Some bibliography styles pair with the natbib package and author-date citations that produce natural-sounding sentences, e.g.: “Smith (2020) described…”. However, even when the publisher’s template prescribes numeric citations (and recommends not using natbib), we would often like to mention the authors’ names in sentences for fluency. Then we need to write the names manually according to these rules:

for one author, mention the surname only: Smith [1],
for two authors, connect the surnames with “and”: Smith and Novak [1],
and for three or more authors, use “et al.”: Smith et al. [1].

8.6 Writing Theses

After reviewing the rules and guidelines common to many types of research documents, including both papers and theses, in this section we focus on the specifics of writing master’s and PhD theses.

8.6.1 Master’s Theses

At this place, we could expect a long list of elaborate tips on writing theses. Instead, there is only one tip:

A master’s thesis should ideally be a longer version of a research paper.

We should thus aim to write the master’s thesis using exactly the same rules and hints, with a few minor differences, such as:

Related work is mandatorily placed after the Introduction, and it can (and should) consist of multiple chapters named appropriately, i.e., not simply “Related Work”. It can be more verbose and detailed, but it cannot become “Unrelated Work”.
Technical details, such as architecture diagrams or measurement instruments (e.g., survey questions) can be described more thoroughly. Still, we should not go into a level of detail that is insignificant for the reader.
Compared a research paper, a thesis also aims to demonstrate that the student is capable of doing research. Given more space allocated for writing, we can state more reasons, evidence, acknowledgments, responses, and warrants in our arguments.

Of course, this is an ideal situation that may or may not be attainable, depending on the specific topic of the thesis and the author’s ambitions.

8.6.2 PhD Theses

Usually, a PhD student has multiple papers published during the studies. A PhD thesis is then often a collection of multiple research papers written by a PhD student on the same topic. For instance, each chapter is based on one research paper: first a systematic literature review, then a survey of the problems, then a solution to the problem with a preliminary evaluation, and finally a full validation of the solution.

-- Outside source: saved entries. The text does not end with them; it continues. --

lemma is_morph_Sig_union:
  assumes "is_morph X Sig phi" "is_morph X Sig psi"
  shows "is_morph X Sig (\<lambda>p x. phi p x \<union> psi p x)"
  unfolding is_morph_def
proof (intro conjI allI impI)
  fix p x assume x: "x \<in> car X p"
  show "phi p x \<union> psi p x \<in> car Sig p"
    using char_le[OF assms(1) x] char_le[OF assms(2) x]
      char_down[OF assms(1) x] char_down[OF assms(2) x]
    unfolding car_Sig by blast
next
  fix p q x assume "q \<le> p \<and> x \<in> car X p"
  then show "phi q (rs X p q x) \<union> psi q (rs X p q x) = rs Sig p q (phi p x \<union> psi p x)"
    using char_rs[OF assms(1)] char_rs[OF assms(2)] unfolding rs_Sig by auto
qed

definition upclosed :: "('l::order, 'a) pobj \<Rightarrow> ('l \<Rightarrow> 'a \<Rightarrow> 'l set) \<Rightarrow> bool" where
  "upclosed X phi \<longleftrightarrow> (\<forall>p a b. le X p a b \<and> p \<in> phi p a \<longrightarrow> p \<in> phi p b)"

lemma upclosedD: "upclosed X phi \<Longrightarrow> le X p a b \<Longrightarrow> p \<in> phi p a \<Longrightarrow> p \<in> phi p b"
  unfolding upclosed_def by blast

lemma upclosed_continuous:
  assumes "is_iposet X" "continuous_D X Sig phi"
  shows "upclosed X phi"
  unfolding upclosed_def
proof (intro allI impI)
  fix p a b assume "le X p a b \<and> p \<in> phi p a"
  moreover have "le X p a b \<Longrightarrow> phi p a \<subseteq> phi p b"
    using continuous_D_mono[OF assms(1) presheaf_Sig assms(2)] unfolding le_Sig by simp
  ultimately show "p \<in> phi p b"
    by blast
qed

Besides stapling the papers together, we need to write the Introduction and Conclusion chapters that clearly describe the logical connection between the individual chapters or papers. Then, the content of the chapters should be re-read and edited, so that the thesis is readable from start to end and makes sense as a whole.

Exercises

Shorten the long title mentioned in Section 8.1.1 appropriately. You can list multiple variants, along with corresponding hypothetical assumptions that make a given variant the best choice.
Find one good abstract and one abstract that breaks multiple recommendations.
Mark the context, problem, and response in the Introduction chapter of your bachelor’s or master’s thesis.
Find a paper that includes source code snippets in its main text (not appendices). Is it well-justified in this case or only a sign of low quality?
How does a conclusion differ from the introduction? You can illustrate this on a hypothetical example.
Extract a complete section structure from a conference paper about 8–12 pages long. Is it logical? How deeply is it nested?
In a paper that you like, find three or four most relevant related works (as indicated by the authors). In which sections are they present? Are they referenced multiple times?
In an existing paper, find an argument consisting of a claim, reason, evidence, acknowledgment/response, and optionally a warrant.
Write a short text (2–4 sentences) that satisfies the first two stylistic rules from The Craft of Research mentioned at the end of Section 8.2. Rewrite the text so that it violates them.
What type of chart would you use to show:
1. the correlation between the monitor resolution and the average number of applications open simultaneously,
2. the average resolution of monitors from year 1970 to 2025?
Which of the rules and tips in this chapter that you did not know before will help you improve your master’s thesis the most? Do you see any impediments why you will not be able to apply some of them?